[[ MATERIALS PROVIDED open ]]

lemma lit_holds_context:
  assumes w: "w = p @ u @ s" and lam: "lam = lastn (Suc K) p" and rho: "rho = take (Suc K) s"
    and u: "u \<noteq> []" and l: "lit_offset l \<le> K"
  shows "lit_holds w all_true (length p + 1) (length p + length u) l \<longleftrightarrow>
         lit_holds (lam @ u @ rho) all_true (length lam + 1) (length lam + length u) l"
proof -
  define d where "d = length p - length lam"
  have ll: "length lam = min (Suc K) (length p)" using lam by (simp add: length_lastn)
  have x: "length p + 1 - d = length lam + 1" and y: "length p + length u - d = length lam + length u"
    using ll d_def by auto
  have u1: "1 \<le> length u" using u by (simp add: Suc_le_eq)
  note ctx = shift_context[OF w lam rho refl d_def]
  show ?thesis
  proof (cases l)
    case (ULit pol U v a)
    then have a: "\<bar>a\<bar> \<le> int K" using l by simp
    show ?thesis
      using ctx(2)[OF _ _ a, of "length p + 1" U] ctx(2)[OF _ _ a, of "length p + length u" U]
        u1 ULit x y
      by (cases v) (simp_all add: varval_def)
  next
    case (RLit S a b)
    have a: "\<bar>int a\<bar> \<le> int K" and b: "b \<le> K" using l RLit by auto
    have "shift (length w) (length p + 1) (int a) =
        d + shift (length (lam @ u @ rho)) (length lam + 1) (int a)"
      using ctx(1)[OF _ _ a, of "length p + 1"] u1 x by simp
    moreover have "unshift (length w) (length p + length u) b =
        d + unshift (length (lam @ u @ rho)) (length lam + length u) b"
      using unshift_context[OF ll d_def u b] y by simp
    ultimately show ?thesis using RLit by simp
  qed auto
qed

text \<open>A long factor \<open>u\<close> is represented by its first and last \<open>K + 2\<close> letters: offsets of at
  most \<open>K\<close> from one end of \<open>u\<close> never reach the other.\<close>
definition skeleton :: "nat \<Rightarrow> 'a list \<Rightarrow> 'a list" where
  "skeleton K u = (if length u \<le> 2 * Suc K + 2 then u
     else take (Suc (Suc K)) u @ drop (length u - Suc (Suc K)) u)"

lemma upred_holds_long_left:
  assumes lw: "lw = lam @ u @ rho" and u: "2 * Suc K + 2 \<le> length u" and a: "\<bar>a\<bar> \<le> int K"
  shows "upred_holds lw U (shift (length lw) (length lam + 1) a) =
    upred_holds (lam @ take (Suc (Suc K)) u) U (shift (length lam + Suc (Suc K)) (length lam + 1) a)"
proof -
  have "lw = [] @ (lam @ take (Suc (Suc K)) u) @ (drop (Suc (Suc K)) u @ rho)"
    using lw by simp
  from upred_holds_window[OF this _ _ _ _ a] show ?thesis
    using u by (simp add: min_def)
qed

[[ MATERIALS PROVIDED closed ]]

• _ASSIGNED TASK_:
Which lines of the data above contain "cases"? Copy each one.

• _RESULT_:
  proof (cases l)
      by (cases v) (simp_all add: varval_def)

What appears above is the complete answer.